Tuf enuff for Cowboy Militia
Relentless drive to be the best? Check. Sheer resistance to intimidation? Check.
Cowboy Militia's first sponsored competitor personifies the brand like no other cowboy. Our logo's proudly worn by Tuf Cooper, the wide-eyed 18-year-old who's torn up professional tie-down roping faster than any rookie since Joe Beaver.
In just his first year as a pro, Tuf wasn't supposed to shine brighter than his eight-time Hall-of-Fame world champion father Roy Cooper, or his defending world champion uncle Stran Smith, or his defending all-around world champion brother-in-law Trevor Brazile. In fact, those are some hefty shadows to ride through and they might scare even the most focused campaigner. But Tuf doesn't even notice. In a sport where most guys never even make the upper echelons, he goes to stomping fast-time records and racking up championships in a way only comparable to his famous kin.
Named for his grandfather, Tuffy Cooper, one of the West's truest, grittiest and handiest old-time cowboys, Tuf first put his own name in lights when he won the national junior high all-around championship in 2005. He added another national all-around and tie-down roping championship a year later at the International Youth Finals Rodeo, and spent 2007 gearing up to become famous.

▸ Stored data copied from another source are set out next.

(* Let $R$ be an affine algebra over a field $K$ with no zero divisors, and let $\overline{V}_1\subseteq V_1\subseteq\overline{V}_2\subseteq V_2\subseteq\cdots\subseteq R$ be finite-dimensional $K$-subspaces such that (a) for every $r\in R$, $\lim_{n}\dim_K(V_nr+V_n)/\dim_K(V_n)=1$; (b) $\lim_n\dim_K(\overline{V}_n)/\dim_K(V_n)=1$; (c) for every finite-dimensional subspace $Z\subseteq R$ there is $k$ with $\overline{V}_n+\overline{V}_nZ\subseteq V_n$ for all $n>k$. Let $\{e_i\}_{i\ge1}$ be a basis of $R$ such that for each $i$, if $\dim_K\overline{V}_i=k_i$ and $\dim_K V_i=l_i$, then $e_1,\dots,e_{k_i}$ is a basis of $\overline{V}_i$ and $e_1,\dots,e_{l_i}$ is a basis of $V_i$. For $0\neq s\in R$ and $k\ge1$ let $$F_k(s)=\{e_j\in V_k: e_js\notin V_k\},\qquad B_k(s)=\{e_j\notin V_k: e_js\in V_k\}.$$ Then $$\lim_{k\to\infty}\frac{|F_k(s)|}{\dim_K(V_k)}=0\quad\text{and}\quad\lim_{k\to\infty}\frac{|B_k(s)|}{\dim_K(V_k)}=0.$$
   Context: An affine algebra is a finitely generated associative algebra over $K$, not necessarily unital. For subspaces $V,Z$, $VZ$ is the $K$-span of products $vz$. *)

theory Defs
  imports Complex_Main
begin

text \<open>A (not necessarily unital) associative K-algebra R: the carrier is a type 'r of class
  ring (associative, distributive, no unit required), with a K-vector-space structure given
  by a scalar multiplication sc, compatible with the ring multiplication.\<close>

definition is_K_algebra :: "('k::field \<Rightarrow> 'r::ring \<Rightarrow> 'r) \<Rightarrow> bool" where
  "is_K_algebra sc \<longleftrightarrow> vector_space sc \<and>
     (\<forall>a x y. sc a (x * y) = sc a x * y \<and> sc a (x * y) = x * sc a y)"

definition gen_subalgebra :: "('k::field \<Rightarrow> 'r::ring \<Rightarrow> 'r) \<Rightarrow> 'r set \<Rightarrow> 'r set" where
  "gen_subalgebra sc S = module.span sc
     {foldr (*) xs x | x xs. x \<in> S \<and> set xs \<subseteq> S}"

definition affine_algebra :: "('k::field \<Rightarrow> 'r::ring \<Rightarrow> 'r) \<Rightarrow> bool" where
  "affine_algebra sc \<longleftrightarrow> is_K_algebra sc \<and>
     (\<exists>S. finite S \<and> gen_subalgebra sc S = UNIV)"

definition no_zero_divisors_ring :: "'r::ring itself \<Rightarrow> bool" where
  "no_zero_divisors_ring _ \<longleftrightarrow> (\<forall>x y::'r. x \<noteq> 0 \<longrightarrow> y \<noteq> 0 \<longrightarrow> x * y \<noteq> 0)"

definition fin_dim_subspace :: "('k::field \<Rightarrow> 'r::ring \<Rightarrow> 'r) \<Rightarrow> 'r set \<Rightarrow> bool" where
  "fin_dim_subspace sc V \<longleftrightarrow> module.subspace sc V \<and> (\<exists>B. finite B \<and> module.span sc B = V)"

definition sub_prod :: "('k::field \<Rightarrow> 'r::ring \<Rightarrow> 'r) \<Rightarrow> 'r set \<Rightarrow> 'r set \<Rightarrow> 'r set" where
  "sub_prod sc V Z = module.span sc {v * z | v z. v \<in> V \<and> z \<in> Z}"

definition sub_sum :: "('k::field \<Rightarrow> 'r::ring \<Rightarrow> 'r) \<Rightarrow> 'r set \<Rightarrow> 'r set \<Rightarrow> 'r set" where
  "sub_sum sc V W = module.span sc (V \<union> W)"

definition Fset :: "(nat \<Rightarrow> 'r::ring) \<Rightarrow> 'r set \<Rightarrow> 'r \<Rightarrow> 'r set" where
  "Fset e Vk s = {x \<in> range e. x \<in> Vk \<and> x * s \<notin> Vk}"

definition Bset :: "(nat \<Rightarrow> 'r::ring) \<Rightarrow> 'r set \<Rightarrow> 'r \<Rightarrow> 'r set" where
  "Bset e Vk s = {x \<in> range e. x \<notin> Vk \<and> x * s \<in> Vk}"

end

(*
  Condition (c) with Z = span {s} gives Vb_k s \<subseteq> V_k for all large k.  Then every e_j in
  F_k lies in V_k but not in Vb_k, so |F_k| + dim Vb_k \<le> dim V_k.  Right multiplication by s
  is linear and, as R has no zero divisors, injective; it maps the independent set
  {e_j | e_j \<in> Vb_k} \<union> B_k into V_k, so also |B_k| + dim Vb_k \<le> dim V_k.  By (b) the gap
  dim V_k - dim Vb_k is o(dim V_k).
*)
theory Submission
  imports Defs
begin

context vector_space
begin

lemma basis_prefix_mem_span_iff:
  assumes "inj e" and "independent (range e)" and "span (e ` {..<d}) = W"
  shows "e j \<in> W \<longleftrightarrow> j < d"
proof
  assume "j < d"
  then show "e j \<in> W"
    using assms(3) span_base[of "e j" "e ` {..<d}"] by blast
next
  assume "e j \<in> W"
  show "j < d"
  proof (rule ccontr)
    assume "\<not> j < d"
    then have "e ` {..<d} \<subseteq> range e - {e j}"
      using \<open>inj e\<close> by (auto dest: injD)
    then have "e j \<in> span (range e - {e j})"
      using \<open>e j \<in> W\<close> assms(3) span_mono by blast
    then show False
      using assms(2) dependent_def by blast
  qed
qed

lemma injective_linear_image_span_bound:
  assumes "Vector_Spaces.linear scale scale f" and "inj f" and "independent A"
    and "f ` A \<subseteq> span T" and "finite T"
  shows "finite A \<and> card A \<le> card T"
proof -
  have "independent (f ` A)"
    using module_hom.independent_inj_image assms(1-3) linear_iff_module_hom by blast
  then have "finite (f ` A) \<and> card (f ` A) \<le> card T"
    using independent_span_bound assms(4,5) by blast
  then show ?thesis
    using \<open>inj f\<close> by (simp add: card_image finite_image_iff inj_on_subset)
qed

end

lemma ratio_tendsto_zero_of_bounded_by_gap:
  fixes a b c :: "nat \<Rightarrow> nat"
  assumes ratio: "(\<lambda>n. real (a n) / real (b n)) \<longlonglongrightarrow> 1"
    and gap: "\<forall>\<^sub>F n in sequentially. c n + a n \<le> b n"
  shows "(\<lambda>n. real (c n) / real (b n)) \<longlonglongrightarrow> 0"
proof (rule tendsto_sandwich[OF _ _ tendsto_const])
  show "(\<lambda>n. 1 - real (a n) / real (b n)) \<longlonglongrightarrow> 0"
    using tendsto_diff[OF tendsto_const ratio, of 1] by simp
  show "\<forall>\<^sub>F n in sequentially. real (c n) / real (b n) \<le> 1 - real (a n) / real (b n)"
    using gap
  proof eventually_elim
    case (elim n)
    then show ?case
      by (cases "b n = 0") (simp_all add: field_simps)
  qed
qed auto

lemma K_algebra_linear_mult_right:
  "is_K_algebra sc \<Longrightarrow> Vector_Spaces.linear sc sc (\<lambda>x. x * s)"
  unfolding is_K_algebra_def Vector_Spaces.linear_def module_hom_def module_hom_axioms_def
    module_iff_vector_space
  by (simp add: distrib_right)

lemma inj_mult_right_no_zero_divisors:
  fixes s :: "'r::ring"
  assumes "no_zero_divisors_ring TYPE('r)" and "s \<noteq> 0"
  shows "inj (\<lambda>x. x * s)"
proof (rule injI)
  fix x y :: 'r
  assume "x * s = y * s"
  then have "(x - y) * s = 0" by (simp add: left_diff_distrib)
  then show "x = y"
    using assms unfolding no_zero_divisors_ring_def by (metis right_minus_eq)
qed

lemma eventually_mult_right_mem:
  fixes sc :: "'k::field \<Rightarrow> 'r::ring \<Rightarrow> 'r"
  assumes "vector_space sc"
    and "\<And>Z. fin_dim_subspace sc Z \<Longrightarrow> \<exists>k. \<forall>n>k. sub_sum sc (U n) (sub_prod sc (U n) Z) \<subseteq> W n"
  shows "\<forall>\<^sub>F n in sequentially. \<forall>x\<in>U n. x * s \<in> W n"
proof -
  interpret vector_space sc by fact
  have "fin_dim_subspace sc (span {s})"
    unfolding fin_dim_subspace_def using subspace_span by blast
  then obtain k where k: "\<And>n. n > k \<Longrightarrow> sub_sum sc (U n) (sub_prod sc (U n) (span {s})) \<subseteq> W n"
    using assms(2) by blast
  have mem: "x * s \<in> W n" if "n > k" and "x \<in> U n" for x n
  proof -
    have "x * s \<in> sub_prod sc (U n) (span {s})"
      unfolding sub_prod_def using \<open>x \<in> U n\<close> span_base[of s "{s}"] by (intro span_base) blast
    then have "x * s \<in> sub_sum sc (U n) (sub_prod sc (U n) (span {s}))"
      unfolding sub_sum_def by (intro span_base) blast
    then show ?thesis using k \<open>n > k\<close> by blast
  qed
  show ?thesis
    using eventually_gt_at_top[of k] by eventually_elim (use mem in blast)
qed

lemma card_Fset_add_le:
  fixes sc :: "'k::field \<Rightarrow> 'r::ring \<Rightarrow> 'r"
  assumes "vector_space sc" and "inj e" and "\<not> module.dependent sc (range e)"
    and U: "module.span sc (e ` {..<d'}) = U" and W: "module.span sc (e ` {..<d}) = W"
    and "U \<subseteq> W" and mult: "\<forall>x\<in>U. x * s \<in> W"
  shows "card (Fset e W s) + d' \<le> d"
proof -
  interpret vector_space sc by fact
  have memU: "e j \<in> U \<longleftrightarrow> j < d'" for j
    using basis_prefix_mem_span_iff[OF assms(2,3) U] .
  have memW: "e j \<in> W \<longleftrightarrow> j < d" for j
    using basis_prefix_mem_span_iff[OF assms(2,3) W] .
  have "d' \<le> d"
  proof (rule ccontr)
    assume "\<not> d' \<le> d"
    then have "e d \<in> W"
      using memU[of d] \<open>U \<subseteq> W\<close> by auto
    then show False
      using memW[of d] by simp
  qed
  have "Fset e W s \<subseteq> e ` {d'..<d}"
  proof
    fix x
    assume "x \<in> Fset e W s"
    then obtain j where x: "x = e j" and "e j \<in> W" and "e j * s \<notin> W"
      unfolding Fset_def by blast
    then have "j < d" and "\<not> j < d'"
      using memU[of j] memW[of j] mult by auto
    then show "x \<in> e ` {d'..<d}"
      using x by simp
  qed
  then have "card (Fset e W s) \<le> card (e ` {d'..<d})"
    by (intro card_mono) auto
  also have "\<dots> \<le> d - d'"
    using card_image_le[of "{d'..<d}" e] by simp
  finally show ?thesis
    using \<open>d' \<le> d\<close> by simp
qed

lemma card_Bset_add_le:
  fixes sc :: "'k::field \<Rightarrow> 'r::ring \<Rightarrow> 'r"
  assumes "is_K_algebra sc" and "no_zero_divisors_ring TYPE('r)" and "s \<noteq> 0"
    and "inj e" and "\<not> module.dependent sc (range e)"
    and U: "module.span sc (e ` {..<d'}) = U" and W: "module.span sc (e ` {..<d}) = W"
    and "U \<subseteq> W" and mult: "\<forall>x\<in>U. x * s \<in> W"
  shows "card (Bset e W s) + d' \<le> d"
proof -
  interpret vector_space sc
    using \<open>is_K_algebra sc\<close> unfolding is_K_algebra_def by blast
  define A where "A = e ` {..<d'} \<union> Bset e W s"
  have eU: "e ` {..<d'} \<subseteq> U"
    using span_superset[of "e ` {..<d'}"] unfolding U .
  then have eW: "e ` {..<d'} \<subseteq> W"
    using \<open>U \<subseteq> W\<close> by (rule subset_trans)
  have "A \<subseteq> range e"
    unfolding A_def Bset_def by blast
  then have "independent A"
    using independent_mono assms(5) by blast
  moreover have "(\<lambda>x. x * s) ` A \<subseteq> span (e ` {..<d})"
  proof -
    have "x * s \<in> W" if "x \<in> A" for x
      using that mult eU unfolding A_def Bset_def by blast
    then show ?thesis
      unfolding W by blast
  qed
  ultimately have "finite A \<and> card A \<le> card (e ` {..<d})"
    by (intro injective_linear_image_span_bound[OF K_algebra_linear_mult_right[OF assms(1)]
          inj_mult_right_no_zero_divisors[OF assms(2,3)]]) simp_all
  moreover have "e ` {..<d'} \<inter> Bset e W s = {}"
    using eW unfolding Bset_def by blast
  ultimately have "card (e ` {..<d'}) + card (Bset e W s) \<le> card (e ` {..<d})"
    unfolding A_def using card_Un_disjoint[of "e ` {..<d'}" "Bset e W s"] by simp
  then show ?thesis
    using \<open>inj e\<close> by (simp add: card_image inj_on_subset)
qed

theorem lemma4:
  fixes sc :: "'k::field \<Rightarrow> 'r::ring \<Rightarrow> 'r"
    and Vb V :: "nat \<Rightarrow> 'r set"
    and e :: "nat \<Rightarrow> 'r"
    and s :: 'r
  assumes alg: "affine_algebra sc"
    and nzd: "no_zero_divisors_ring TYPE('r)"
    and fd: "\<And>n. fin_dim_subspace sc (Vb n) \<and> fin_dim_subspace sc (V n)"
    and chain: "\<And>n. Vb n \<subseteq> V n \<and> V n \<subseteq> Vb (Suc n)"
    and cond_a: "\<And>r. (\<lambda>n. real (vector_space.dim sc (sub_sum sc (sub_prod sc (V n) {r}) (V n)))
                          / real (vector_space.dim sc (V n))) \<longlonglongrightarrow> 1"
    and cond_b: "(\<lambda>n. real (vector_space.dim sc (Vb n)) / real (vector_space.dim sc (V n))) \<longlonglongrightarrow> 1"
    and cond_c: "\<And>Z. fin_dim_subspace sc Z \<Longrightarrow>
                   \<exists>k. \<forall>n>k. sub_sum sc (Vb n) (sub_prod sc (Vb n) Z) \<subseteq> V n"
    and e_inj: "inj e"
    and e_indep: "\<not> module.dependent sc (range e)"
    and e_span: "module.span sc (range e) = UNIV"
    and e_Vb: "\<And>i. module.span sc (e ` {..<vector_space.dim sc (Vb i)}) = Vb i"
    and e_V: "\<And>i. module.span sc (e ` {..<vector_space.dim sc (V i)}) = V i"
    and s_nz: "s \<noteq> 0"
  shows "(\<lambda>k. real (card (Fset e (V k) s)) / real (vector_space.dim sc (V k))) \<longlonglongrightarrow> 0
       \<and> (\<lambda>k. real (card (Bset e (V k) s)) / real (vector_space.dim sc (V k))) \<longlonglongrightarrow> 0"
proof -
  have K_alg: "is_K_algebra sc"
    using alg unfolding affine_algebra_def by blast
  then have vs: "vector_space sc"
    unfolding is_K_algebra_def by blast
  have mult: "\<forall>\<^sub>F k in sequentially. \<forall>x\<in>Vb k. x * s \<in> V k"
    using eventually_mult_right_mem[OF vs cond_c] .
  have "\<forall>\<^sub>F k in sequentially.
      card (Fset e (V k) s) + vector_space.dim sc (Vb k) \<le> vector_space.dim sc (V k)"
    using mult by eventually_elim
      (rule card_Fset_add_le[OF vs e_inj e_indep e_Vb e_V conjunct1[OF chain]])
  moreover have "\<forall>\<^sub>F k in sequentially.
      card (Bset e (V k) s) + vector_space.dim sc (Vb k) \<le> vector_space.dim sc (V k)"
    using mult by eventually_elim
      (rule card_Bset_add_le[OF K_alg nzd s_nz e_inj e_indep e_Vb e_V conjunct1[OF chain]])
  ultimately show ?thesis
    by (intro conjI ratio_tendsto_zero_of_bounded_by_gap[OF cond_b])
qed

end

Last year, Tuf shrugged off the heavy expectations on his teenaged shoulders by making veterans twice his age look silly; in turns beating the pants off guys like Fred Whitfield and Cody Ohl.
"I grew up watching all those guys," he says. "God gave me the ability and the strength to get over that fear of roping against the top guys in the world. I just got over it, and that's something you've got to get over every day."
He claimed the PRCA's 2008 Overall Rookie of the Year award, realized every young rodeo cowboy's dream of making the Wrangler NFR, and then took it to the big dogs again in Las Vegas.
Tuf topped off third in the average and fourth in the world at the NFR with a crowd-frenzying, crazy-fast 6.7-second run on a sold-out Friday night that fans will remember forever. He not only banked a cool $172,000, but was easily chosen Fans' Favorite Cowboy. He's followed that up in 2009 with a reserve championship in Denver and a Texas Circuit championship against his event's superstars.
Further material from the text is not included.